Dark Water
- Author: Koji Suzuki
- Original title: From the Depths of Dark Waters (仄暗い水の底から, Honogurai mizu no soko kara)
- Language: Japanese
- Genre: Horror
- Publication date: 1996
- Publication place: Japan
- Media type: Print

= Dark Water (short story collection) =

1996 short story collection by Koji Suzuki

Dark Water is the English title of a collection of short stories by Koji Suzuki, originally published in Japan as Honogurai mizu no soko kara (Kanji: 仄暗い水の底から; literally, From the Depths of Dark Waters). The book was first published in 1996 and released in 2004 in an English translation.

The collection contains seven stories, and an extra plotline forming the prologue and epilogue.

==Stories==
- "Floating Water" (浮遊する水; Fuyū Suru Mizu) was adapted as Dark Water (2002) by Hideo Nakata, which in turn was remade as the American film Dark Water (2005). It is the story of a young mother and her daughter who take refuge from a messy divorce in a run-down apartment building. The mother discovers that a small girl vanished from the building a year previously, and begins to investigate the connection between her disappearance and a series of terrifying events taking place around the flat.
- "Solitary Isle" - a young man sets out to discover the truth behind his dead friend's boast that he dumped his girlfriend naked on Battery No. 6, an artificial island in the middle of Tokyo Bay. In 2006, The Hollywood Reporter announced George A. Romero would write and direct a film based on the short story.
- "The Hold" - a fisherman who beats his wife and son and tries to uncover the reason for his wife's disappearance, and why he has a throbbing headache.
- "Dream Cruise"' - a young man is invited out on a mini-cruise by a couple who wish to entice him into a pyramid sales scheme. Fairly soon, bizarre things start happening to the boat. Dream Cruise was adapted for the Masters of Horror Showtime cable network series in 2007 and it was directed by Tsuruta Norio.
- "Adrift" - the crew of a fishing trawler happen across an abandoned yacht, similar in situation to the Mary Celeste. The film Open Water 2: Adrift (2006) was partly influenced by this short story. The film rights for this story have been optioned by MGM and Blumhouse Productions, with Darren Aronofsky set to direct and Jared Leto will star and produce the adaptation.
- "Watercolors" - an amateur dramatic troupe stages a play in a converted disco, but strange things start happening on the floor above.
- "Forest Under the Sea" - the only story in the collection to have no real supernatural element whatsoever. Two spelunkers discover an unexplored cave, but become trapped. Suzuki here explores the emotions of regret and longing. It ties in with the epilogue story.

==Themes==
Suzuki is concerned with the atrocities committed by humans themselves rather than by otherworldly forces. There are themes of urban decay, family troubles and domestic abuse running throughout the stories. The characters themselves are often selfish, cruel and self-absorbed. Suzuki uses these characters to explore emotions such as rage, fear and longing. His stories often take as their theme life after the Japanese asset price bubble burst, as they were written shortly afterwards.

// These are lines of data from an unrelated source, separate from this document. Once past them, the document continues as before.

lemma ex_nsmul_eq_0:
  fixes x :: "'a::{ab_group_add,finite}"
  shows "\<exists>d. 0 < d \<and> nsmul d x = 0"
proof -
  have "\<not> inj_on (\<lambda>i. nsmul i x) {..CARD('a)}"
  proof
    assume "inj_on (\<lambda>i. nsmul i x) {..CARD('a)}"
    then have "card ((\<lambda>i. nsmul i x) ` {..CARD('a)}) = Suc CARD('a)"
      by (simp add: card_image)
    moreover have "card ((\<lambda>i. nsmul i x) ` {..CARD('a)}) \<le> CARD('a)"
      by (rule card_mono) auto
    ultimately show False by simp
  qed
  then obtain i j where "i < j" "nsmul i x = nsmul j x"
    unfolding inj_on_def by (metis linorder_neqE_nat)
  then show ?thesis
    by (intro exI[of _ "j - i"]) (simp add: nsmul_diff)
qed

lemma
  fixes x :: "'a::{ab_group_add,finite}"
  shows add_order_pos: "0 < add_order x"
    and nsmul_add_order [simp]: "nsmul (add_order x) x = 0"
  using LeastI_ex[OF ex_nsmul_eq_0[of x]] unfolding add_order_def by auto

lemma nsmul_nonzero_below_add_order:
  "0 < n \<Longrightarrow> n < add_order x \<Longrightarrow> nsmul n x \<noteq> 0"
  unfolding add_order_def using not_less_Least by blast

lemma nsmul_mod_add_order:
  fixes x :: "'a::{ab_group_add,finite}"
  shows "nsmul (n mod add_order x) x = nsmul n x"
proof -
  have "nsmul n x = nsmul (n div add_order x * add_order x) x + nsmul (n mod add_order x) x"
    by (metis div_mult_mod_eq nsmul_add)
  then show ?thesis by (simp add: nsmul_mult)
qed

lemma nsmul_eq_0_iff_add_order_dvd:
  fixes x :: "'a::{ab_group_add,finite}"
  shows "nsmul n x = 0 \<longleftrightarrow> add_order x dvd n"
proof -
  have "n mod add_order x < add_order x"
    using add_order_pos by (rule mod_less_divisor)
  then have "nsmul (n mod add_order x) x = 0 \<longleftrightarrow> n mod add_order x = 0"
    by (cases "n mod add_order x = 0") (simp_all add: nsmul_nonzero_below_add_order)
  then show ?thesis
    by (simp only: nsmul_mod_add_order dvd_eq_mod_eq_0)
qed

lemma inj_on_nsmul_add_order:
  fixes x :: "'a::{ab_group_add,finite}"
  shows "inj_on (\<lambda>n. nsmul n x) {..<add_order x}"
proof (rule linorder_inj_onI)
  fix i j assume "i < j" "j \<in> {..<add_order x}"
  then have "nsmul (j - i) x \<noteq> 0"
    by (intro nsmul_nonzero_below_add_order) auto
  with \<open>i < j\<close> show "nsmul i x \<noteq> nsmul j x"
    by (simp add: nsmul_diff)
qed linarith

lemma add_order_le_card:
  fixes x :: "'a::{ab_group_add,finite}"
  shows "add_order x \<le> CARD('a)"
proof -
  have "add_order x = card ((\<lambda>n. nsmul n x) ` {..<add_order x})"
    by (simp add: card_image inj_on_nsmul_add_order)
  also have "\<dots> \<le> CARD('a)"
    by (rule card_mono) auto
  finally show ?thesis .
qed

lemma cyclic_group_obtains_generator:
  fixes t :: "'a::{ab_group_add,finite} itself"
  assumes "cyclic_group t"
  obtains g :: 'a where "\<And>x. \<exists>n. x = nsmul n g"
proof -
  obtain g :: 'a where g: "\<forall>x::'a. \<exists>k::int.
      x = (if k \<ge> 0 then (\<Sum>i<nat k. g) else - (\<Sum>i<nat (- k). g))"
    using assms unfolding cyclic_group_def by blast
  have minus_multiple: "- nsmul m g = nsmul (m * (add_order g - 1)) g" for m
  proof -
    have "m * (add_order g - 1) + m = m * add_order g"
      using add_order_pos[of g] by (simp add: algebra_simps)
    then have "nsmul (m * (add_order g - 1)) g + nsmul m g = nsmul m (nsmul (add_order g) g)"
      by (metis nsmul_add nsmul_mult)
    then show ?thesis by (simp add: neg_eq_iff_add_eq_0 add.commute)
  qed
  have "\<exists>n. x = nsmul n g" for x
  proof -
    obtain k where k: "x = (if k \<ge> 0 then nsmul (nat k) g else - nsmul (nat (- k)) g)"
      using g unfolding sum_lessThan_const_nsmul by blast
    show ?thesis
    proof (cases "k \<ge> 0")
      case True
      with k show ?thesis by auto
    next
      case False
      with k show ?thesis unfolding minus_multiple by auto
    qed
  qed
  then show ?thesis by (rule that)
qed

lemma add_order_generator_eq_card:
  fixes g :: "'a::{ab_group_add,finite}"
  assumes "\<And>x. \<exists>n. x = nsmul n g"
  shows "add_order g = CARD('a)"
proof -
  have "UNIV \<subseteq> (\<lambda>n. nsmul n g) ` {..<add_order g}"
  proof
    fix x :: 'a
    obtain n where "x = nsmul n g" using assms by blast
    then have "x = nsmul (n mod add_order g) g"
      by (simp only: nsmul_mod_add_order)
    then show "x \<in> (\<lambda>n. nsmul n g) ` {..<add_order g}"
      using add_order_pos[of g] by auto
  qed
  then have "CARD('a) \<le> card ((\<lambda>n. nsmul n g) ` {..<add_order g})"
    by (simp add: card_mono)
  also have "\<dots> \<le> add_order g"
    using card_image_le[of "{..<add_order g}"] by simp
  finally have "CARD('a) \<le> add_order g" .
  with add_order_le_card show ?thesis by (rule antisym)
qed

lemma add_order_prime_cyclic:
  fixes x :: "'a::{ab_group_add,finite}" and t :: "'a itself"
  assumes "prime CARD('a)" "cyclic_group t" "x \<noteq> 0"
  shows "add_order x = CARD('a)"
proof -
  obtain g :: 'a where g: "\<And>x. \<exists>n. x = nsmul n g"
    using cyclic_group_obtains_generator[OF assms(2)] by blast
  then obtain m where "x = nsmul m g" by blast
  then have "nsmul CARD('a) x = nsmul m (nsmul CARD('a) g)"
    by (simp flip: nsmul_mult add: mult.commute)
  also have "\<dots> = 0"
    by (simp add: add_order_generator_eq_card[OF g, symmetric])
  finally have "add_order x dvd CARD('a)"
    by (simp add: nsmul_eq_0_iff_add_order_dvd)
  moreover have "add_order x \<noteq> 1"
    using assms(3) by (metis nsmul.simps add_0 nsmul_add_order One_nat_def)
  ultimately show ?thesis
    using assms(1) unfolding prime_nat_iff by blast
qed

section \<open>Groups of prime order\<close>

locale prime_cyclic_group =
  fixes G :: "'a::{ab_group_add,finite} itself"
  assumes prime_card: "prime CARD('a)"
    and cyclic: "cyclic_group G"
begin

lemma card_ge_2: "2 \<le> CARD('a)"
  using prime_card prime_ge_2_nat by blast

lemma add_order_eq_card: "(x::'a) \<noteq> 0 \<Longrightarrow> add_order x = CARD('a)"
  by (rule add_order_prime_cyclic[OF prime_card cyclic])

lemma nsmul_eq_0_iff: "(x::'a) \<noteq> 0 \<Longrightarrow> nsmul n x = 0 \<longleftrightarrow> CARD('a) dvd n"
  by (simp add: nsmul_eq_0_iff_add_order_dvd add_order_eq_card)

lemma nsmul_card [simp]: "nsmul CARD('a) (x::'a) = 0"
  by (cases "x = 0") (simp_all add: nsmul_eq_0_iff)

lemma nsmul_card_minus_1: "nsmul (CARD('a) - 1) (x::'a) = - x"
proof -
  have "Suc (CARD('a) - 1) = CARD('a)"
    using card_ge_2 by simp
  then have "nsmul (CARD('a) - 1) x + x = nsmul CARD('a) x"
    by (metis nsmul.simps(2))
  then show ?thesis by (simp add: eq_neg_iff_add_eq_0)
qed

lemma inj_on_nsmul: "(x::'a) \<noteq> 0 \<Longrightarrow> inj_on (\<lambda>n. nsmul n x) {..<CARD('a)}"
  using inj_on_nsmul_add_order[of x] by (simp add: add_order_eq_card)

lemma image_nsmul_lessThan_card: "(x::'a) \<noteq> 0 \<Longrightarrow> (\<lambda>n. nsmul n x) ` {..<CARD('a)} = UNIV"
  by (simp add: card_image card_subset_eq inj_on_nsmul)


lemma card_nsmul_image_atMost:
  "(x::'a) \<noteq> 0 \<Longrightarrow> k < CARD('a) \<Longrightarrow> card ((\<lambda>j. nsmul j x) ` {..k}) = Suc k"
  using inj_on_subset[OF inj_on_nsmul[of x], of "{..k}"] by (simp add: card_image subset_eq)

lemma nsmul_notin_above:
  fixes w :: 'a
  assumes w: "w \<noteq> 0" and Xw: "- w \<notin> X" and Y: "(+) w ` X - X \<subseteq> {nsmul m w}"
    and t: "m \<le> t" "t < CARD('a)"
  shows "nsmul t w \<notin> X"
proof
  assume "nsmul t w \<in> X"
  (* Adding w leaves X only at m w, so all multiples from t w up to (p - 1) w = - w lie in X. *)
  have up: "t + d < CARD('a) \<Longrightarrow> nsmul (t + d) w \<in> X" for d
  proof (induction d)
    case (Suc d)
    have "nsmul (t + Suc d) w = w + nsmul (t + d) w"
      by (simp add: add.commute)
    then have "nsmul (t + Suc d) w \<in> (+) w ` X"
      using Suc by simp
    moreover have "nsmul (t + Suc d) w \<noteq> nsmul m w"
      using inj_on_nsmul[OF w] Suc.prems t(1) unfolding inj_on_def by fastforce
    ultimately show ?case
      using Y by blast
  qed (use \<open>nsmul t w \<in> X\<close> in simp)
  have "nsmul (CARD('a) - 1) w \<in> X"
    using up[of "CARD('a) - 1 - t"] t(2) by simp
  with Xw show False
    by (simp only: nsmul_card_minus_1)
qed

The one thing that all the stories have in common is the repeated use of water imagery. Many of the events take place at sea, but even the land-based plotlines have a connection to water. In Watercolors, for instance, the characters are plagued by water dripping through their ceiling. While it's generally believed that water drips through the ceiling in Floating Water, this is not true; this was just an element put into the films.

==Manga==

Dark Water (仄暗い水の底から, Honogurai mizu no soko kara) is a manga version of Koji Suzuki's book Dark Water from 2002, illustrated by Meimu. Just like the book, it's a collection of short horror stories linked to water.